Because of the impossibility of the scheme, the Zealots seemed as though they weren’t protecting that side, beyond the normal guards that Marcus had been told patrolled the top of the fortress. Far below him, and to his right, he could see the torches of the camp, glittering like tiny sparks in the blackness. While he was still on the lower slopes of the hill he had even been able to hear some men singing one of the bawdy songs of the Legion. Concerning a certain Centurion and a lobster, and the odd adventures that arose when they travelled together to Rome to see the ladies. He’d found himself humming the chorus as he scrambled over the loose rock, moving as quietly as he could towards the steeper face.
Now the wind had risen, and he could hear nothing from the camp. He managed to reach a small ledge, about a hundred feet below the summit, as he judged, and he tucked the cloak back into its wrapping.

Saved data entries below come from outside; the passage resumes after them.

theorem mainTheorem6:
  fixes chi :: "'r::{comm_ring_1,finite} \<Rightarrow> complex"
    and n :: nat and C D :: "(nat \<Rightarrow> 'r) set" and w :: "nat \<Rightarrow> 'r"
  assumes ring: "(\<exists>p f lam z. Fq_character p f lam z chi) \<or> (\<exists>k z. Zk_character k z chi)"
    and C: "linear_code n C" and D: "linear_code n D" and w: "w \<in> vecs n"
  shows "\<forall>x :: 'r \<times> 'r \<times> 'r \<Rightarrow> complex.
      Jac_av n C (dual_code n D) w x =
        (1 / of_nat (card D)) *
        Jac_av n C D w (\<lambda>(a1, a2, a3). \<Sum>b\<in>UNIV. chi (a2 * b) * x (a1, b, a3))
    \<and> Jac_av n (dual_code n C) D w x =
        (1 / of_nat (card C)) *
        Jac_av n C D w (\<lambda>(a1, a2, a3). \<Sum>b\<in>UNIV. chi (a1 * b) * x (b, a2, a3))
    \<and> Jac_av n (dual_code n C) (dual_code n D) w x =
        (1 / (of_nat (card C) * of_nat (card D))) *
        Jac_av n C D w (\<lambda>(a1, a2, a3). \<Sum>b1\<in>UNIV. \<Sum>b2\<in>UNIV.
                          chi (a1 * b1 + a2 * b2) * x (b1, b2, a3))"
proof -
  have chi: "generating_character chi"
    using ring Fq_character_generating Zk_character_generating by blast
  have dual_dual:
    "(\<Sum>b1\<in>UNIV. chi (a1 * b1) * (\<Sum>b2\<in>UNIV. chi (a2 * b2) * x (b1, b2, a3))) =
      (\<Sum>b1\<in>UNIV. \<Sum>b2\<in>UNIV. chi (a1 * b1 + a2 * b2) * x (b1, b2, a3))"
    for a1 a2 a3 and x :: "'r \<times> 'r \<times> 'r \<Rightarrow> complex"
    by (simp add: sum_distrib_left mult.assoc generating_character_add[OF chi])
  show ?thesis
    by (simp add: Jac_av_dual_right[OF chi D] Jac_av_dual_left[OF chi C] dual_dual)
qed

end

He wore a plain tunic of the type that most of the Zealots were dressed in. Woolen, with a broad belt that carried a simple dagger in a leather sheath.
For a moment he thought that he could hear voices above him, but the main paths were on the far side of the mountain, and he guessed that it was a freak of the wind carrying up a snatch of conversation from below him. From his review of the face during the afternoon, he thought that he must be somewhere near the mouths of the culverts, where he hoped to climb in and hide.
The blast of thunder was so loud and seemed so close that Marcus came within a fraction of losing his grasp on the rock and plummeting down to his doom. The crack of lightning burned across his eyes, and he closed them, hanging on to his handholds, bracing his body against the face. The sandstone felt rough to his fingers, and tiny pieces of it rolled away, falling like dust into space.
The next flash was even closer, and he wondered if it had actually struck Masada. The tang of ozone filled the air, and his hair seemed to crackle on his skull. Thunder rolled around him, making his ears sing, overflowing the precipice and bouncing back in echoes from other hills.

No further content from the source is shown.